I understand what you and the GSG are saying.  I just disagree with it.

In C, everything is a pointer.  I could just write all of my code to not
use references at all and instead use 'T*' and 'const T*'.  You now
still have no idea when you read 'foo(&bar, &baz)'.

In C++ there is always const_cast, so even if something is passed by
const it _could_ be manipulated.  (Not to say this is good practice in
any way.  See ES.50).

It is a matter of public record[3] that I have reviewed on roughly
50-100kLOC a year for the last 5 years and I still don't buy into this
reviewer argument.  If someone is calling an API and I don't know what
that API is doing, I don't give them a +1 no matter how "obvious" it may
seem.

The rough summary of my viewpoint is:
    1) This syntax simply lulls you into a false sense of security as
       the reviewer.
    2) This syntax greatly diminishes aspects of modern C++ practices.
    3) This syntax is not recommended anywhere outside of Google.

> I do not see it standing in the way of FP at all, in FP you are
> usually dealing with immutable data types which you should use as much as
> possible i.e. const references, in the case that is expensive you have
> r-value references and pointers. 

FP style does not always mean immutable.  A toy example:

    vector<int> stuff = ...;
    auto times2 = [](auto& x) { x *= 2; }
    for_each(stuff, times2);

> Although, the CCG does say it is allowed,
> it admits that non-const references can lead to bugs see the note under
> F.17.

It is a pretty weak argument for you to use a sectioned titled "For
'in-out' parameters, pass by reference to non-const" as evidence.

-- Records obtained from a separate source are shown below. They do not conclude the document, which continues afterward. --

lemma nn_integral_sel_simplex_slice:
  assumes n: "n \<ge> 2"
  shows "(\<integral>\<^sup>+ x. ennreal (indicator (sel_simplex n) (x(n := b, 1 := a))
              * selberg_integrand \<sigma>2 \<mu> n lam 0 0 (x(n := b, 1 := a))) \<partial>Pi\<^sub>M {2..n-1} (\<lambda>_. lborel))
       = (if 0 < a \<and> a < b \<and> b < 1
          then ennreal ((b - a) powr (real n - 2 + vandermonde_degree (\<lambda>k. 2 * lam * dd \<sigma>2 \<mu> k) n))
          else 0)
         * (\<integral>\<^sup>+ s. ennreal (indicator (pinned_set n) s * pinned_integrand \<sigma>2 \<mu> n lam s) \<partial>Pi\<^sub>M {2..n-1} (\<lambda>_. lborel))"
proof (cases "0 < a \<and> a < b \<and> b < 1")
  case False
  then have "x(n := b, 1 := a) \<notin> sel_simplex n" for x :: "nat \<Rightarrow> real"
    using sel_simplex_endpoints[of "x(n := b, 1 := a)" n] n by auto
  then show ?thesis
    using False by auto
next
  case True
  define J where "J = {2..n-1}"
  define c where "c = b - a"
  define E where "E = vandermonde_degree (\<lambda>k. 2 * lam * dd \<sigma>2 \<mu> k) n"
  let ?G = "\<lambda>t. ennreal (indicator (sel_simplex n) t * selberg_integrand \<sigma>2 \<mu> n lam 0 0 t)"
  let ?H = "\<lambda>s. ennreal (indicator (pinned_set n) s * pinned_integrand \<sigma>2 \<mu> n lam s)"
  have c: "c > 0" using True by (simp add: c_def)
  have G_affine: "?G ((\<lambda>j\<in>J. a + c * s j)(n := b, 1 := a)) = ennreal (c powr E) * ?H s" for s
  proof -
    let ?t = "(\<lambda>j\<in>J. a + c * s j)(n := b, 1 := a)"
    have "?t k = a + (b - a) * pin n s k" if "k \<in> {1..n}" for k
      using that n by (auto simp: pin_def J_def c_def)
    then have "indicator (sel_simplex n) ?t * selberg_integrand \<sigma>2 \<mu> n lam 0 0 ?t
        = c powr E * (indicator (pinned_set n) s * pinned_integrand \<sigma>2 \<mu> n lam s)"
      using selberg_integrand_affine[of n a b ?t "pin n s"] n True
      by (simp add: pin_def pinned_set_def indicator_def pinned_integrand_eq_vandermonde_powr E_def c_def)
    then show ?thesis
      using c by (simp add: ennreal_mult')
  qed
  have "(\<integral>\<^sup>+ x. ?G (x(n := b, 1 := a)) \<partial>Pi\<^sub>M J (\<lambda>_. lborel))
      = ennreal c ^ card J * (\<integral>\<^sup>+ s. ?G ((\<lambda>j\<in>J. a + c * s j)(n := b, 1 := a)) \<partial>Pi\<^sub>M J (\<lambda>_. lborel))"
    using c by (intro nn_integral_PiM_lborel_affine) (auto simp: J_def)
  also have "\<dots> = ennreal c ^ (n - 2) * ennreal (c powr E) * (\<integral>\<^sup>+ s. ?H s \<partial>Pi\<^sub>M J (\<lambda>_. lborel))"
    unfolding G_affine by (subst nn_integral_cmult) (auto simp: J_def numeral_2_eq_2 mult.assoc)
  also have "ennreal c ^ (n - 2) * ennreal (c powr E) = ennreal (c powr (real n - 2 + E))"
    using c n by (simp add: ennreal_power ennreal_mult'[symmetric] powr_realpow[symmetric]
        powr_add[symmetric] of_nat_diff)
  finally show ?thesis
    unfolding if_P[OF True] J_def c_def E_def .
qed

lemma nn_integral_sel_simplex_eq:
  assumes n: "n \<ge> 2"
  shows "(\<integral>\<^sup>+ t. ennreal (indicator (sel_simplex n) t * selberg_integrand \<sigma>2 \<mu> n lam 0 0 t) \<partial>Pi\<^sub>M {1..n} (\<lambda>_. lborel))
       = gap_integral (real n - 2 + vandermonde_degree (\<lambda>k. 2 * lam * dd \<sigma>2 \<mu> k) n)
         * (\<integral>\<^sup>+ s. ennreal (indicator (pinned_set n) s * pinned_integrand \<sigma>2 \<mu> n lam s) \<partial>Pi\<^sub>M {2..n-1} (\<lambda>_. lborel))"
proof -
  interpret product_sigma_finite "\<lambda>_::nat. lborel :: real measure" by standard
  define J where "J = {2..n-1}"
  define E where "E = real n - 2 + vandermonde_degree (\<lambda>k. 2 * lam * dd \<sigma>2 \<mu> k) n"
  define Q where "Q = (\<integral>\<^sup>+ s. ennreal (indicator (pinned_set n) s * pinned_integrand \<sigma>2 \<mu> n lam s) \<partial>Pi\<^sub>M J (\<lambda>_. lborel))"
  let ?G = "\<lambda>t. ennreal (indicator (sel_simplex n) t * selberg_integrand \<sigma>2 \<mu> n lam 0 0 t)"
  let ?K = "\<lambda>a b. if 0 < a \<and> a < b \<and> b < 1 then ennreal ((b - a) powr E) else 0"
  have split: "{1..n} = insert 1 (insert n J)" "1 \<notin> insert n J" "n \<notin> J" "finite J"
    using n by (auto simp: J_def)
  have "(\<integral>\<^sup>+ t. ?G t \<partial>Pi\<^sub>M {1..n} (\<lambda>_. lborel))
      = (\<integral>\<^sup>+ a. (\<integral>\<^sup>+ x. ?G (x(1 := a)) \<partial>Pi\<^sub>M (insert n J) (\<lambda>_. lborel)) \<partial>lborel)"
    unfolding split(1) using split by (intro product_nn_integral_insert_rev) auto
  also have "\<dots> = (\<integral>\<^sup>+ a. (\<integral>\<^sup>+ b. (\<integral>\<^sup>+ x. ?G (x(n := b, 1 := a)) \<partial>Pi\<^sub>M J (\<lambda>_. lborel)) \<partial>lborel) \<partial>lborel)"
    using split by (intro nn_integral_cong product_nn_integral_insert_rev) auto
  also have "\<dots> = (\<integral>\<^sup>+ a. (\<integral>\<^sup>+ b. ?K a b * Q \<partial>lborel) \<partial>lborel)"
    unfolding Q_def J_def E_def nn_integral_sel_simplex_slice[OF n] ..
  also have "\<dots> = gap_integral E * Q"
    unfolding gap_integral_def by (simp add: nn_integral_multc)
  finally show ?thesis
    unfolding Q_def J_def E_def .
qed
(* Let $1,2,3,4$ be four distinct vertices of $G$ such that $G[\{1,2,3\}]$ has edge set exactly $\{12,23\}$, $G[\{2,3,4\}]$ has edge set exactly $\{23,24,34\}$, and $w_{23}\ge w_{24}$ (nothing is assumed about whether $14$ is an edge). If $\Gamma_G$ is population monotonic, then $w_{23}\ge w_{12}+w_{34}$ and $w_{23}\ge w_{24}+w_{34}$.
   Context: $G=(V,E;w)$ is a finite simple graph with edge weights $w:E\to\mathbb{R}$, $w_e>0$ for all $e\in E$; $w_{ij}$ denotes the weight of edge $ij$. The matching game on $G$ is the cooperative game $\Gamma_G=(N,\gamma)$ with player set $N=V$ and, for $S\subseteq N$, $\gamma(S)$ equal to the maximum weight of a matching in the induced subgraph $G[S]$ (so $\gamma(\emptyset)=0$). A population monotonic allocation scheme (PMAS) is a family $(\boldsymbol{x}_S)_{\emptyset\neq S\subseteq N}$ with $\boldsymbol{x}_S=(x_{S,i})_{i\in S}\in\mathbb{R}^S$ such that (efficiency) $\sum_{i\in S}x_{S,i}=\gamma(S)$ for every nonempty $S\subseteq N$, and (monotonicity) $x_{S,i}\le x_{T,i}$ whenever $\emptyset\ne S\subseteq T\subseteq N$ and $i\in S$. $\Gamma_G$ is called population monotonic if it admits a PMAS. *)

theory Defs
  imports Complex_Main "HOL-Library.Disjoint_Sets"
begin

definition simple_graph :: "'a set \<Rightarrow> 'a set set \<Rightarrow> bool" where
  "simple_graph V E \<longleftrightarrow> finite V \<and> (\<forall>e\<in>E. e \<subseteq> V \<and> card e = 2)"

definition matchings_in :: "'a set set \<Rightarrow> 'a set \<Rightarrow> 'a set set set" where
  "matchings_in E S = {M. M \<subseteq> E \<and> (\<forall>e\<in>M. e \<subseteq> S) \<and> disjoint M}"

definition gamma :: "'a set set \<Rightarrow> ('a set \<Rightarrow> real) \<Rightarrow> 'a set \<Rightarrow> real" where
  "gamma E w S = Max ((\<lambda>M. \<Sum>e\<in>M. w e) ` matchings_in E S)"

text \<open>Population monotonic allocation scheme: x S i is the payoff of player i
  in coalition S.\<close>
definition is_PMAS :: "'a set \<Rightarrow> 'a set set \<Rightarrow> ('a set \<Rightarrow> real) \<Rightarrow> ('a set \<Rightarrow> 'a \<Rightarrow> real) \<Rightarrow> bool" where
  "is_PMAS V E w x \<longleftrightarrow>
     (\<forall>S. S \<subseteq> V \<and> S \<noteq> {} \<longrightarrow> (\<Sum>i\<in>S. x S i) = gamma E w S) \<and>
     (\<forall>S T i. S \<noteq> {} \<and> S \<subseteq> T \<and> T \<subseteq> V \<and> i \<in> S \<longrightarrow> x S i \<le> x T i)"

definition population_monotonic :: "'a set \<Rightarrow> 'a set set \<Rightarrow> ('a set \<Rightarrow> real) \<Rightarrow> bool" where
  "population_monotonic V E w \<longleftrightarrow> (\<exists>x. is_PMAS V E w x)"

end

theory Submission
  imports Defs
begin

text \<open>Monotonicity from the singleton coalitions, whose payoff is 0, makes every entry of a
  PMAS nonnegative. Let y be the allocation of the coalition {2,3}, so y(2) + y(3) = w(2,3).
  Comparing a path p-q-r inside a triple with its sub-coalitions {p,q} and {q,r} gives
  w(p,q) + x({q,r}, r) \<le> \<gamma>({p,q,r}); applied to the paths 1-2-3, 4-3-2 and 4-2-3 this yields
  w(1,2) + y(3) \<le> \<gamma>(123), w(3,4) + y(2) \<le> \<gamma>(234) and w(2,4) + y(3) \<le> \<gamma>(234).
  A matching in a triple has at most one edge, so \<gamma>(123) \<le> max w(1,2) w(2,3) and, since
  w(2,4) \<le> w(2,3), \<gamma>(234) \<le> max w(2,3) w(3,4). Positivity of the weights forces both maxima
  to be w(2,3), and then the three inequalities combine to the claim.\<close>

lemma finite_matchings_in: "finite S \<Longrightarrow> finite (matchings_in E S)"
  unfolding matchings_in_def by (rule finite_subset[of _ "Pow (Pow S)"]) auto

lemma weight_le_gamma:
  assumes "finite S" "e \<in> E" "e \<subseteq> S"
  shows "w e \<le> gamma E w S"
proof -
  have "{e} \<in> matchings_in E S"
    using assms unfolding matchings_in_def by auto
  then show ?thesis
    unfolding gamma_def using finite_matchings_in[OF \<open>finite S\<close>]
    by (intro Max_ge) (auto intro!: image_eqI[where x = "{e}"])
qed

lemma gamma_nonneg:
  assumes "finite S"
  shows "0 \<le> gamma E w S"
proof -
  have "{} \<in> matchings_in E S"
    unfolding matchings_in_def by auto
  then show ?thesis
    unfolding gamma_def using finite_matchings_in[OF assms]
    by (intro Max_ge) (auto intro!: image_eqI[where x = "{}"])
qed

lemma gamma_le_if_edges_intersect:
  assumes "finite S" "0 \<le> B"
    and weight_le: "\<And>e. e \<in> E \<Longrightarrow> e \<subseteq> S \<Longrightarrow> w e \<le> B"
    and intersect: "\<And>e f. e \<in> E \<Longrightarrow> f \<in> E \<Longrightarrow> e \<subseteq> S \<Longrightarrow> f \<subseteq> S \<Longrightarrow> e \<noteq> f \<Longrightarrow> e \<inter> f \<noteq> {}"
  shows "gamma E w S \<le> B"
proof -
  have "(\<Sum>e\<in>M. w e) \<le> B" if M: "M \<in> matchings_in E S" for M
  proof (cases "M = {}")
    case False
    then obtain e where "e \<in> M" by auto
    have "M = {e}"
    proof (rule ccontr)
      assume "M \<noteq> {e}"
      then obtain f where "f \<in> M" "f \<noteq> e" using \<open>e \<in> M\<close> by auto
      moreover have "disjoint M"
        using M by (simp add: matchings_in_def)
      ultimately have "disjnt f e"
        using \<open>e \<in> M\<close> by (simp add: pairwise_def)
      moreover have "f \<inter> e \<noteq> {}"
        using M \<open>e \<in> M\<close> \<open>f \<in> M\<close> \<open>f \<noteq> e\<close> by (intro intersect) (auto simp: matchings_in_def)
      ultimately show False by (simp add: disjnt_def)
    qed
    with M \<open>e \<in> M\<close> show ?thesis
      unfolding matchings_in_def by (auto intro: weight_le)
  qed (simp add: \<open>0 \<le> B\<close>)
  moreover have "{} \<in> matchings_in E S"
    unfolding matchings_in_def by auto
  ultimately show ?thesis
    unfolding gamma_def using finite_matchings_in[OF \<open>finite S\<close>] by (subst Max_le_iff) auto
qed

lemma two_subsets_of_card_le_3_intersect:
  assumes "finite S" "card S \<le> 3" "e \<subseteq> S" "f \<subseteq> S" "card e = 2" "card f = 2"
  shows "e \<inter> f \<noteq> {}"
proof
  assume "e \<inter> f = {}"
  with assms have "card (e \<union> f) = 4"
    by (subst card_Un_disjoint) (auto intro: finite_subset)
  moreover have "card (e \<union> f) \<le> card S"
    using assms by (intro card_mono) auto
  ultimately show False using assms by simp
qed

lemma card_2_subset_triple:
  assumes "card e = 2" "e \<subseteq> {p, q, r}"
  shows "e = {p, q} \<or> e = {q, r} \<or> e = {p, r}"
  using assms by (auto simp: card_2_iff)

lemma gamma_triple_le:
  assumes G: "simple_graph V E" and "0 \<le> B"
    and "{p, q} \<in> E \<Longrightarrow> w {p, q} \<le> B" "{q, r} \<in> E \<Longrightarrow> w {q, r} \<le> B"
    and "{p, r} \<in> E \<Longrightarrow> w {p, r} \<le> B"
  shows "gamma E w {p, q, r} \<le> B"
proof (rule gamma_le_if_edges_intersect[OF _ \<open>0 \<le> B\<close>])
  have card_edge: "card e = 2" if "e \<in> E" for e
    using G that by (simp add: simple_graph_def)
  show "w e \<le> B" if "e \<in> E" "e \<subseteq> {p, q, r}" for e
    using card_2_subset_triple[OF card_edge that(2)] that(1) assms by blast
  have "card {p, q, r} \<le> 3"
    by (simp add: card_insert_if)
  then show "e \<inter> f \<noteq> {}"
    if "e \<in> E" "f \<in> E" "e \<subseteq> {p, q, r}" "f \<subseteq> {p, q, r}" for e f
    using that card_edge by (intro two_subsets_of_card_le_3_intersect) auto
qed simp

lemma gamma_singleton:
  assumes "simple_graph V E"
  shows "gamma E w {u} = 0"
proof -
  have "e \<notin> E" if "e \<subseteq> {u}" for e
    using assms that card_mono[OF _ that] by (force simp: simple_graph_def)
  then have "gamma E w {u} \<le> 0"
    by (intro gamma_le_if_edges_intersect) auto
  with gamma_nonneg[of "{u}" E w] show ?thesis by simp
qed

lemma gamma_edge:
  assumes G: "simple_graph V E" and uv: "{u, v} \<in> E" and "0 \<le> w {u, v}"
  shows "gamma E w {u, v} = w {u, v}"
proof -
  have card_uv: "card {u, v} = 2"
    using G uv by (simp add: simple_graph_def)
  have "e = {u, v}" if "e \<in> E" "e \<subseteq> {u, v}" for e
    using G that card_uv by (intro card_seteq) (auto simp: simple_graph_def)
  then have "gamma E w {u, v} \<le> w {u, v}"
    using \<open>0 \<le> w {u, v}\<close> by (intro gamma_le_if_edges_intersect) (auto simp: card_uv)
  moreover have "w {u, v} \<le> gamma E w {u, v}"
    using uv by (intro weight_le_gamma) auto
  ultimately show ?thesis by simp
qed

lemma PMAS_sum:
  "is_PMAS V E w x \<Longrightarrow> S \<subseteq> V \<Longrightarrow> S \<noteq> {} \<Longrightarrow> (\<Sum>i\<in>S. x S i) = gamma E w S"
  by (simp add: is_PMAS_def)

lemma PMAS_mono:
  "is_PMAS V E w x \<Longrightarrow> S \<subseteq> T \<Longrightarrow> T \<subseteq> V \<Longrightarrow> i \<in> S \<Longrightarrow> x S i \<le> x T i"
  unfolding is_PMAS_def by blast

lemma PMAS_nonneg:
  assumes G: "simple_graph V E" and x: "is_PMAS V E w x" and "S \<subseteq> V" "i \<in> S"
  shows "0 \<le> x S i"
proof -
  have "x {i} i = 0"
    using PMAS_sum[OF x, of "{i}"] gamma_singleton[OF G] assms by auto
  moreover have "x {i} i \<le> x S i"
    using PMAS_mono[OF x] assms by simp
  ultimately show ?thesis by simp
qed

lemma PMAS_edge:
  assumes G: "simple_graph V E" and x: "is_PMAS V E w x"
    and "{u, v} \<subseteq> V" "u \<noteq> v" "{u, v} \<in> E" "0 \<le> w {u, v}"
  shows "x {u, v} u + x {u, v} v = w {u, v}"
  using PMAS_sum[OF x, of "{u, v}"] gamma_edge[OF G] assms by simp

lemma PMAS_path_le_gamma:
  assumes G: "simple_graph V E" and x: "is_PMAS V E w x"
    and V: "p \<in> V" "q \<in> V" "r \<in> V" and "distinct [p, q, r]"
    and "{p, q} \<in> E" "0 \<le> w {p, q}"
  shows "w {p, q} + x {q, r} r \<le> gamma E w {p, q, r}"
proof -
  let ?T = "{p, q, r}"
  have mono: "x S i \<le> x ?T i" if "S \<subseteq> ?T" "i \<in> S" for S i
    using PMAS_mono[OF x that(1) _ that(2)] V by simp
  have "w {p, q} + x {q, r} r = x {p, q} p + x {p, q} q + x {q, r} r"
    using PMAS_edge[OF G x, of p q] assms by simp
  also have "\<dots> \<le> x ?T p + x ?T q + x ?T r"
    by (intro add_mono mono) auto
  also have "\<dots> = (\<Sum>i\<in>?T. x ?T i)"
    using \<open>distinct [p, q, r]\<close> by (simp add: add.assoc)
  also have "\<dots> = gamma E w ?T"
    using PMAS_sum[OF x] V by simp
  finally show ?thesis .
qed

theorem mainTheorem3:
  fixes V :: "'a set" and E :: "'a set set" and w :: "'a set \<Rightarrow> real"
    and v1 v2 v3 v4 :: 'a
  assumes G: "simple_graph V E"
    and wpos: "\<forall>e\<in>E. w e > 0"
    and verts: "v1 \<in> V" "v2 \<in> V" "v3 \<in> V" "v4 \<in> V"
    and dist: "distinct [v1, v2, v3, v4]"
    and e12: "{v1, v2} \<in> E" and e23: "{v2, v3} \<in> E" and n13: "{v1, v3} \<notin> E"
    and e24: "{v2, v4} \<in> E" and e34: "{v3, v4} \<in> E"
    and w_ge: "w {v2, v3} \<ge> w {v2, v4}"
    and PM: "population_monotonic V E w"
  shows "w {v2, v3} \<ge> w {v1, v2} + w {v3, v4} \<and> w {v2, v3} \<ge> w {v2, v4} + w {v3, v4}"
proof -
  obtain x where x: "is_PMAS V E w x"
    using PM unfolding population_monotonic_def by blast
  have pos: "w {v1, v2} > 0" "w {v2, v3} > 0" "w {v3, v4} > 0" "w {v2, v4} > 0"
    using wpos e12 e23 e24 e34 by auto
  have split23: "x {v2, v3} v2 + x {v2, v3} v3 = w {v2, v3}"
    and nonneg: "0 \<le> x {v2, v3} v2" "0 \<le> x {v2, v3} v3"
    using PMAS_edge[OF G x, of v2 v3] PMAS_nonneg[OF G x, of "{v2, v3}"] verts dist e23 pos
    by auto
  have "gamma E w {v1, v2, v3} \<le> max (w {v1, v2}) (w {v2, v3})"
    using n13 pos by (intro gamma_triple_le[OF G]) auto
  moreover have "gamma E w {v2, v3, v4} \<le> max (w {v2, v3}) (w {v3, v4})"
    using w_ge pos by (intro gamma_triple_le[OF G]) auto
  moreover have "w {v1, v2} + x {v2, v3} v3 \<le> gamma E w {v1, v2, v3}"
    using PMAS_path_le_gamma[OF G x, of v1 v2 v3] verts dist e12 pos by auto
  moreover have "w {v3, v4} + x {v2, v3} v2 \<le> gamma E w {v2, v3, v4}"
    using PMAS_path_le_gamma[OF G x, of v4 v3 v2] verts dist e34 pos
    by (auto simp: insert_commute)
  moreover have "w {v2, v4} + x {v2, v3} v3 \<le> gamma E w {v2, v3, v4}"
    using PMAS_path_le_gamma[OF G x, of v4 v2 v3] verts dist e24 pos
    by (auto simp: insert_commute)
  ultimately show ?thesis
    using split23 nonneg pos by (simp add: max_def split: if_splits)
qed

end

The "error" they are talking about is a reassertion of F.16: "For 'in'
parameters, pass ... by reference to const".  Non-const implies it could
be changed.

> 
> A very common recommendation in "Exceptional Modern C++" is to define a
> > function like:
> >     template <typename T> foo(T&&)
> > This function operates on both l-value and r-value references
> > ("universal references" as Meyers calls them).
> 
> 
> I think I am missing something here. l-value and r-value references are two
> different things and are treated differently by the compiler. I tried the
> following:
> 
> int add(int&& l, int&& r) {
>   return l + r;
> }
> 
> int main() {
>   int l = 1;
>   int r = 2;
>   std::cout << "add(1, 2) = " << add(l, r) << std::endl;
>   return 0;
> }
> 
> and got the following compile error:
> 
> test.cc:10:42: error: cannot bind ‘int’ lvalue to ‘int&&’
>    std::cout << "add(1, 2) = " << add(l, r) << std::endl;
> 
> which is precisely what I expected to happen. I think I am missing part of
> your example.

What I wrote and what you tested are two entirely different things.  I
wrote a template; you tested a non-template.  Templates and autos fall
under type-deduction rules.  Read up on those and reference collapsing.

foo(10) => foo(int&&)
foo(x) => foo(int& &&) => foo(int&)

> 
> Re: Exceptions
> --------------------
> 
> > This was the "old way" in C++ and the standards body specifically
> > deprecated what you are suggesting.  I'm sure you could read their
> > rationale.
> 
> 
> Sure, I would be happy to. I tried googling around and the only recent
> update I could find relating to how the compiler treats exceptions was the
> addition of noexcept. Could you share this?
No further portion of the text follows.